When you read a story or see a movie, how often are the characters just there, with no attachment or place in the world or the other characters in the setting?

The answer you are looking for is basically 'NEVER'.

Writers know that audiences won't believe characters that are just 'plopped' into the world. Things and people need to come from some where and have a reason to do the things they do. (Even amnesiacs soon find a place in the world, being the exceptions to the general rule).

Most players are reasonably good about creating a character conception and history, no matter how lame. It is easier to play a character when you have a strong background behind it and most players like making play and roleplay easier, so they make characters with a strong conception and history. Yet often these stories do not have any attachment to the world around them.

It is always best to make a character part of the game world, weaving them into the tapestry of the background story. Players should talk with the GM about elements in the game world that the character could have a connection to: recent history, NPCs, organizations, other characters, or even just random things. Form a connection to these things and the character is connected to the world. This helps better define the character and gives the player/ character more options in play.

Now, when you read a story or see a movie, how often do a group of four to six total strangers, with little to no knowledge of each other, get thrusted together to do something and work together well if they had all been part of a well oiled machine?

The answer you are looking for is basically 'NEVER'.

So why do we accept this in games? They are supposed to be inspired by literature and action/adventure movies. Even video games have a back story explaining why the various characters are working together. No matter how flimsy, there is always a back story to make sense of things.

Not so with game characters. In most cases, they are thrusted by fates into a group of complete strangers to face life and death risks. You would hate this in a movie, why accept it in a game?

So where is your group's backstory?

Some players will say, 'Well, they are PCs', so they will interact with characters that normally they would of ignored or run away from. The PC halo is a hackneyed game concept that says, if it is PC you are supposed to embrace other PCs, no matter how weird, lame, or dangerous, the character is. (The concept of halo came from the little bright ring that surrounded characters you were specifically using in early computer RPGs, much like the green polyhedron in a sims game or the gold circle at the feet of a character in most modern games).

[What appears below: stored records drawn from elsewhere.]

(* Let $E$ be a nondeterministic expression and $X$ a variable with $E\rhd X$ (i.e. $E\rhd\{X\}$). Then $E = E + X$ is derivable from the axiom system.
   Context: Fix a set $\mathsf{Act}$ of actions containing $\tau$ and a set $\mathsf{Var}$ of variables. Nondeterministic expressions: $E ::= 0 \mid X \mid \alpha.P \mid \mathrm{rec}\,X.E \mid E + E$; probabilistic expressions: $P ::= \partial(E) \mid P \oplus_p P$ ($0<p<1$); $\alpha.E$ abbreviates $\alpha.\partial(E)$. $\mathrm{rec}\,X$ binds $X$; $E[\vec F/\vec X]$ is capture-avoiding substitution. $\sum_{i\in I}E_i$ is an iterated $+$; $\bigoplus_{i\in I}p_iP_i$ (with $\sum p_i=1$) is an iterated $\oplus$ giving $P_i$ probability $p_i$, and $\bigoplus_ip_iE_i$ abbreviates $\bigoplus_ip_i\partial(E_i)$. Probabilistic unguardedness $E\rhd V$ ($V\subseteq\mathsf{Var}$, also for probabilistic expressions) is the least relation with: $X\rhd\{X\}$; $\tau.P\rhd V$ if $P\rhd V$; $\mathrm{rec}\,Y.E\rhd V\setminus\{Y\}$ if $E\rhd V$ and $V\ne\{Y\}$; $E+F\rhd V$ if $E\rhd V$; $E+F\rhd W$ if $F\rhd W$; $\partial(E)\rhd V$ if $E\rhd V$; $P\oplus_pQ\rhd V\cup W$ if $P\rhd V$ and $Q\rhd W$. Provable equality $=$ is the least relation on expressions (both categories) that is an equivalence, a congruence for all operators, allows renaming of bound variables, contains all instances of the axioms below, and is closed under rule R2: N1 $E+F=F+E$; N2 $E+(F+G)=(E+F)+G$; N3 $E+E=E$; N4 $E+0=E$; P1 $P\oplus_pQ=Q\oplus_{1-p}P$; P2 $P\oplus_p(Q\oplus_{q/(1-p)}R)=(P\oplus_{p/(p+q)}Q)\oplus_{p+q}R$; P3 $P\oplus_pP=P$; T1 $\alpha.(\partial(\tau.\partial(E))\oplus_pP)=\alpha.(\partial(E)\oplus_pP)$; T2 $\tau.\bigoplus_{i\in I}p_i(E_i+F)+F=\tau.\bigoplus_{i\in I}p_i(E_i+F)$; T3 $\tau.\bigoplus_{i}p_i(E_i+\alpha.P_i)+\alpha.\bigoplus_ip_iP_i=\tau.\bigoplus_ip_i(E_i+\alpha.P_i)$; T4 $\alpha.\bigoplus_ip_i(E_i+\tau.P_i)+\alpha.\bigoplus_ip_iP_i=\alpha.\bigoplus_ip_i(E_i+\tau.P_i)$; C $\alpha.P+\alpha.Q=\alpha.P+\alpha.(P\oplus_pQ)+\alpha.Q$; R1 $\mathrm{rec}\,X.E=E[\mathrm{rec}\,X.E/X]$; R2 if $F=E[F/X]$ and not $E\rhd\{X\}$, then $F=\mathrm{rec}\,X.E$; R3 $\mathrm{rec}\,X.(\tau.(\partial(X+E)\oplus_pP)+F)=\mathrm{rec}\,X.(\tau.(\partial(X+E)\oplus_pP)+\tau.P+F)$; R4 $\mathrm{rec}\,X.(X+E)=\mathrm{rec}\,X.E$; R5 $\mathrm{rec}\,X.(\tau.\partial(X)+E)=\mathrm{rec}\,X.\tau.\partial(E)$; R6 $\mathrm{rec}\,X.(\tau.\bigoplus_{i\in I}p_i(X+E_i)+F)=\mathrm{rec}\,X.(\tau.\partial(X)+\sum_{i\in I}E_i+F)$. *)

theory Defs
  imports Main "HOL-Library.Infinite_Typeclass"
begin
text \<open>Uniqueness is needed because \<open>nf_data\<close> is a definite description. The constant of a
  normal form is its value at \<open>0\<close>, and the exponent of \<open>i\<close> is detected by giving \<open>i\<close> a value exceeding that constant.\<close>

lemma nf_eval_zero: "nf_wf (k, xs) \<Longrightarrow> nf_eval (\<lambda>_. 0) k xs = k"
  unfolding nf_eval_def nf_wf_def by (intro Max_eqI) auto

lemma nf_eval_probe_mem:
  assumes wf: "nf_wf (k, xs)" and i: "(i, n) \<in> set xs"
  shows "nf_eval ((\<lambda>_. 0)(i := Suc k)) k xs = n + Suc k"
proof -
  have d: "distinct (map fst xs)" using wf by (simp add: nf_wf_def strict_sorted_iff)
  have le: "\<forall>(j, m)\<in>set xs. m \<le> k" using wf by (simp add: nf_wf_def)
  show ?thesis unfolding nf_eval_def
  proof (rule Max_eqI)
    fix y assume "y \<in> insert k ((\<lambda>(j, m). m + ((\<lambda>_. 0)(i := Suc k)) j) ` set xs)"
    then show "y \<le> n + Suc k"
      using le eq_key_imp_eq_value[OF d i] by (auto split: if_splits)
  qed (use i in force)+
qed

lemma nf_eval_probe_not_mem:
  "nf_wf (k, xs) \<Longrightarrow> \<forall>m. (i, m) \<notin> set xs \<Longrightarrow> nf_eval ((\<lambda>_. 0)(i := Suc k)) k xs = k"
  unfolding nf_eval_def nf_wf_def by (intro Max_eqI) (auto split: if_splits)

Players really want stories, though they will often settle for less. However, if they want a story that includes their characters, they should work with the GM to make it happen.

First and foremost, they need to have a 'Group'. To make a group, there needs to be some kind of relationship between the members. The Character must be weaved together, not only weaved into the tapestry of the world, but into the tapestry of the group.

Now for players: to help the campaign story along, work with the other players when you create your characters. Find a connection, something in the characters' mutual past that links the characters together. When did they first meet? Did they work together? Did they grow or attend school/ training academy together? Do they have a mutual friend? Was one character the best friend of another's older sibling? Did they meet once at a party? The more connections and history a character has with the other characters, the easier it will be to play with those characters. Your character will have a reason to work with the other character, rather than the lame.. 'well he is a PC'.

The GM should always be involved in character creation. Not only will they supply information about the world, but they are a source of ideas about characters as well. They can make sure each character has a protected nitch and that ever character will have something to do in the campaign.

One other thing they can do is run mini-weaving scenes: Players play out or narrate scenes between their characters at sometimes in their histories. This gives them a chance to practice their characters and develop a mutual history.

The various weaving process gives the troop reasons to be together, some depth to their relationships, and the chance for the group to work out who does what, in addition to adding depth to the character's history and the GM's world. The GM should work with the players to see how the characters are woven together.